→ **AIM OF THE EXERCISE**
Identify every line in the records below that contains the word "shows", and reproduce each one.

═══ EXTRACTED RECORDS

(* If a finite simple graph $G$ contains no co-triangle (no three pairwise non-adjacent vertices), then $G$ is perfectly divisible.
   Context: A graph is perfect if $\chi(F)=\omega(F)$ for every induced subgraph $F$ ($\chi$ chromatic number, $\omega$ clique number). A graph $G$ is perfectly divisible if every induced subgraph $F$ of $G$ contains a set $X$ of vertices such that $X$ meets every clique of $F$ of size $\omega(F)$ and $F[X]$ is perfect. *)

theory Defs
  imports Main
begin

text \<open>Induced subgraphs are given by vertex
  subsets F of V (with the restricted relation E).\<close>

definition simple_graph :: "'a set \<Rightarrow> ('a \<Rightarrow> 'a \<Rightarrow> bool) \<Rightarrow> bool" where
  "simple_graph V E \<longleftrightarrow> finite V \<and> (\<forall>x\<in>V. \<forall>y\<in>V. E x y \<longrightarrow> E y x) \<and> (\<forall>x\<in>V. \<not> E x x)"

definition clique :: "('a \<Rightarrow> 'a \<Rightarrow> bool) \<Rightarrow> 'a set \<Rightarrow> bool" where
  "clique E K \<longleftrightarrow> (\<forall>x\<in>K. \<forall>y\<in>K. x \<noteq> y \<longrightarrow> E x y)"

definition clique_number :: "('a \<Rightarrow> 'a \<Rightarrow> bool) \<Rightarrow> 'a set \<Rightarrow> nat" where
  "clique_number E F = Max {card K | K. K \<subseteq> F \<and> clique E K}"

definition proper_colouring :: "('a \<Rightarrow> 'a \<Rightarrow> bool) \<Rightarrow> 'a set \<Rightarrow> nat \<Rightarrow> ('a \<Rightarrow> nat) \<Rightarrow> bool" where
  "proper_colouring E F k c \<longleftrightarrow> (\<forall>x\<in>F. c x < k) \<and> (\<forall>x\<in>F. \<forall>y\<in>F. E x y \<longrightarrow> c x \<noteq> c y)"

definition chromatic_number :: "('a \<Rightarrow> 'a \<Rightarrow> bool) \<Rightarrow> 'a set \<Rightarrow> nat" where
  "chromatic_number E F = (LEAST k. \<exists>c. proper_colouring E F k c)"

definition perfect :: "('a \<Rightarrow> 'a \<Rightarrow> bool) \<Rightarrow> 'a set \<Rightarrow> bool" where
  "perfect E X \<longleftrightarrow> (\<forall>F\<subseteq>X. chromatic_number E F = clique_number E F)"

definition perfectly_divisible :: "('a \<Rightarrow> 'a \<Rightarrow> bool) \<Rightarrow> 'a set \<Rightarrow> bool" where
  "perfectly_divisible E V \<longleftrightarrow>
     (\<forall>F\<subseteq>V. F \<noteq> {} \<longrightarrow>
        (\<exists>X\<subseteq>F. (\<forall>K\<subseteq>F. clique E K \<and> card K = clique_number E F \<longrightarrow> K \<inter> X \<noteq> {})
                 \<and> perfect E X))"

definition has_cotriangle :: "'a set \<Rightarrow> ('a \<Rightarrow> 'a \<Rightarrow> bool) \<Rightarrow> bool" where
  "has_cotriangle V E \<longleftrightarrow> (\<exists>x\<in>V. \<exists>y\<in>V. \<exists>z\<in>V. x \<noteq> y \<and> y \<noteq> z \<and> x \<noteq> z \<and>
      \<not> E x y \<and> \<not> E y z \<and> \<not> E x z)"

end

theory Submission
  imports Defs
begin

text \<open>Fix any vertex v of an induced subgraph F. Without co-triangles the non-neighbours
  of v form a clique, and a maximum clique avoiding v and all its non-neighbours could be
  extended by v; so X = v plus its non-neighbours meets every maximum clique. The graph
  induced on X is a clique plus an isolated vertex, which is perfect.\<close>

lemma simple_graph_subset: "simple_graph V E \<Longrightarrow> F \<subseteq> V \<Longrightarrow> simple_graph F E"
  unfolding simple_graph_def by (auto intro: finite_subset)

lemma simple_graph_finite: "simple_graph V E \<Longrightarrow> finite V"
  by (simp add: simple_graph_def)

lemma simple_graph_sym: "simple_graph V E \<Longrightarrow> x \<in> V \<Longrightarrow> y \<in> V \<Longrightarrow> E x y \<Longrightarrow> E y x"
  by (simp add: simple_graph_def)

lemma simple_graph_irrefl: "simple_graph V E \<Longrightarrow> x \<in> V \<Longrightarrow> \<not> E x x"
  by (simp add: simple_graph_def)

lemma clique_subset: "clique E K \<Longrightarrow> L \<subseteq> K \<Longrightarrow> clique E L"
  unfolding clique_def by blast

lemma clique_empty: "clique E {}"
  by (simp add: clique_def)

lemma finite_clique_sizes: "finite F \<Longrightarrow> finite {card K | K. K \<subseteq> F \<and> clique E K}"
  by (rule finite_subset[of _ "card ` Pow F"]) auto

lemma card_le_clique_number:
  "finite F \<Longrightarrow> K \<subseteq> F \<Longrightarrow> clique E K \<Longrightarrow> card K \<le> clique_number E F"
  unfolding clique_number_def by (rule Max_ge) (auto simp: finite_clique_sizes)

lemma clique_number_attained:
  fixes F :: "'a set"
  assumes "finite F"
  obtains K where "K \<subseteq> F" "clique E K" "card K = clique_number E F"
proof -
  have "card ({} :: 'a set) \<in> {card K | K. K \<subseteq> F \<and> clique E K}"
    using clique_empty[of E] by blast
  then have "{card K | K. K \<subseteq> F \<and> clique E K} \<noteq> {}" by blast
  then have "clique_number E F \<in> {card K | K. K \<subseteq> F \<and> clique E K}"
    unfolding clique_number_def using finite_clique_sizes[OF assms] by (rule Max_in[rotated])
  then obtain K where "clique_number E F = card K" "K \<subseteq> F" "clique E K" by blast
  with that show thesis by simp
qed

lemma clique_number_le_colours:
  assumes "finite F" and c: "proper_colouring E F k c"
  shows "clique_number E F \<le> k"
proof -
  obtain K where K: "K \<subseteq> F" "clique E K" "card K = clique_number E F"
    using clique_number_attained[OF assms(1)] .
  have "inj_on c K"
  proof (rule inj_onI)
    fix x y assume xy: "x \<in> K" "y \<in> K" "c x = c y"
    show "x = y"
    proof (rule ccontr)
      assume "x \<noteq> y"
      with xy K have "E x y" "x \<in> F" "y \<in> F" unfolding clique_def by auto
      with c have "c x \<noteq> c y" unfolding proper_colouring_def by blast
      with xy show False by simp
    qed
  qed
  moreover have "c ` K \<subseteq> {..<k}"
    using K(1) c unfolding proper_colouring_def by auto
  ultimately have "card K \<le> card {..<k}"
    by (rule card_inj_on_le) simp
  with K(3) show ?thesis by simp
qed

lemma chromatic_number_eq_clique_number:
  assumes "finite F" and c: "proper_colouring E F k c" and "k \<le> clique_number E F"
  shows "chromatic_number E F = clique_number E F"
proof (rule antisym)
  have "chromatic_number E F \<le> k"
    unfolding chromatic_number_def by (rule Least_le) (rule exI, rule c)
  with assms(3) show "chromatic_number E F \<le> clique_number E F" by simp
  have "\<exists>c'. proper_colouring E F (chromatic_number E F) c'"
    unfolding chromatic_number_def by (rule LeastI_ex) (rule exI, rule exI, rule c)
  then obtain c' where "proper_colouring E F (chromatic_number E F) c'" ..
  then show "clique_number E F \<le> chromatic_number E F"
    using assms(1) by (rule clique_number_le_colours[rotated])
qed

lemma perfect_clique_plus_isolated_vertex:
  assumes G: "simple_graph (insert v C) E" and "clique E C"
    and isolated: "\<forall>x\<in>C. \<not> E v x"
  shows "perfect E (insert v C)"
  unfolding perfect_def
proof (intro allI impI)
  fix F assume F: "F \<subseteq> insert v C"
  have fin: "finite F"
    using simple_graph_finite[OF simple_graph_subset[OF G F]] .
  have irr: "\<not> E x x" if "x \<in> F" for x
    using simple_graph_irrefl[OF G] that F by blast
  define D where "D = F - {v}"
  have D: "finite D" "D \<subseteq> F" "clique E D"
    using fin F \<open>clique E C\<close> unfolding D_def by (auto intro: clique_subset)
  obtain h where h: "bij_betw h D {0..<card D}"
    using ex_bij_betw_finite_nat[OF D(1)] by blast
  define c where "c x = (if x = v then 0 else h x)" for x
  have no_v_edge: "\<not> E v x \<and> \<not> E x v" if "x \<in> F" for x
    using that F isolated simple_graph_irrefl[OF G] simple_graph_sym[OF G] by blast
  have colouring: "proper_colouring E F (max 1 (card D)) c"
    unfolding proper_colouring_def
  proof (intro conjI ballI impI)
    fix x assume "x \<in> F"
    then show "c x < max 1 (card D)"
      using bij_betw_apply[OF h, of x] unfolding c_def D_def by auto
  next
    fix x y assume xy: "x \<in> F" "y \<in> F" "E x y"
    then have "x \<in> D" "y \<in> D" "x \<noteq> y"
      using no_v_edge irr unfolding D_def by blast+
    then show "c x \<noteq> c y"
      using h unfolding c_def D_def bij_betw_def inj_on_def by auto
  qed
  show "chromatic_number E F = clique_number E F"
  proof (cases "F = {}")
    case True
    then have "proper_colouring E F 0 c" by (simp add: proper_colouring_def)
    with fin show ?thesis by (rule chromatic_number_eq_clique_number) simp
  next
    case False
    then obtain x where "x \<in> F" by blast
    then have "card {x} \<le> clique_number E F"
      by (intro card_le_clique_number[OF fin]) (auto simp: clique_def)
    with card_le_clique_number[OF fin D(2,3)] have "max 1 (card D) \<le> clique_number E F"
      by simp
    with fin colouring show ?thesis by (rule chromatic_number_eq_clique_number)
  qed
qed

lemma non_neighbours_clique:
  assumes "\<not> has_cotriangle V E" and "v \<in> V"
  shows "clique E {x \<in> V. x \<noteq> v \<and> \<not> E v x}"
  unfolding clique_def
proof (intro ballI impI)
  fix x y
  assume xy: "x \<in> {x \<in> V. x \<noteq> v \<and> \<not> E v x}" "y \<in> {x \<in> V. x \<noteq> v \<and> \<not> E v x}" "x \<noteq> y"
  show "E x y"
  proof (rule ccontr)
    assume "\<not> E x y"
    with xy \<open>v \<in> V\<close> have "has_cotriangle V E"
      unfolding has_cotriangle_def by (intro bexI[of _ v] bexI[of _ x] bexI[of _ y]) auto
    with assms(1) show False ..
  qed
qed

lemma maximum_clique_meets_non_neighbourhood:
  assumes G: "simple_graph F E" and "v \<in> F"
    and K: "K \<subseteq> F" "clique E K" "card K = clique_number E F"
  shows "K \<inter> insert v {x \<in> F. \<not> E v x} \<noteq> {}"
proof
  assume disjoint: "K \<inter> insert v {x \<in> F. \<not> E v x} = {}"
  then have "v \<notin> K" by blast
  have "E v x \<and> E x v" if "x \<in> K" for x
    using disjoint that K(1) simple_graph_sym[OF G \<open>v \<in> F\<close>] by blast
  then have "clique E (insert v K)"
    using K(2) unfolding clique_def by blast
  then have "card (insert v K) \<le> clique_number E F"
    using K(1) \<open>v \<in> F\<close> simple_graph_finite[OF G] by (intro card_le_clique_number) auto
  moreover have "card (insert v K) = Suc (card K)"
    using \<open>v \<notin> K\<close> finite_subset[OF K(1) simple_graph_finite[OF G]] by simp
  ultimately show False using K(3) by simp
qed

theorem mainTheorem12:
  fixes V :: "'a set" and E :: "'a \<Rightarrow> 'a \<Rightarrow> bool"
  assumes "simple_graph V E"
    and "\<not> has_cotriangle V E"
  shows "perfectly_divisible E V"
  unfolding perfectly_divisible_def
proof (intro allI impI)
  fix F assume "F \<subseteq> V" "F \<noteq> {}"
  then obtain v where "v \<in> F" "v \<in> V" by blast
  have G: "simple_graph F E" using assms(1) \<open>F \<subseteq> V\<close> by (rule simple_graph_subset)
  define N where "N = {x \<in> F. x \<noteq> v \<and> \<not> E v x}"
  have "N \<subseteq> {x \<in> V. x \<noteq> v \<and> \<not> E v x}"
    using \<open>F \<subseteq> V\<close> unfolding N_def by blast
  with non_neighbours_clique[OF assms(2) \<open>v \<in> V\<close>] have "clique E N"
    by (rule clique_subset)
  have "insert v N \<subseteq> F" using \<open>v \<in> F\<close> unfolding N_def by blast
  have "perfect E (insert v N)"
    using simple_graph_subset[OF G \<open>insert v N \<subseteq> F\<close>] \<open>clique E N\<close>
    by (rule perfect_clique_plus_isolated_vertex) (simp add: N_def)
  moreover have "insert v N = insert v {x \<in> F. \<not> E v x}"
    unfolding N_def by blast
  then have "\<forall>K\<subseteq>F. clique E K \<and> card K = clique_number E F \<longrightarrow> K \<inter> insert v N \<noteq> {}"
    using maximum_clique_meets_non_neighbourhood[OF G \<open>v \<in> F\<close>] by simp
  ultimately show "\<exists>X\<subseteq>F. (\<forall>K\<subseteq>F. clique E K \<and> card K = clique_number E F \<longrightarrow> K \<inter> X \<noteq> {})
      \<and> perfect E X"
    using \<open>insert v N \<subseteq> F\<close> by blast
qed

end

══════

→ **WRITTEN REPLY**
  shows "clique_number E F \<le> k"
  shows "chromatic_number E F = clique_number E F"
  shows "perfect E (insert v C)"
  shows "clique E {x \<in> V. x \<noteq> v \<and> \<not> E v x}"
  shows "K \<inter> insert v {x \<in> F. \<not> E v x} \<noteq> {}"
  shows "perfectly_divisible E V"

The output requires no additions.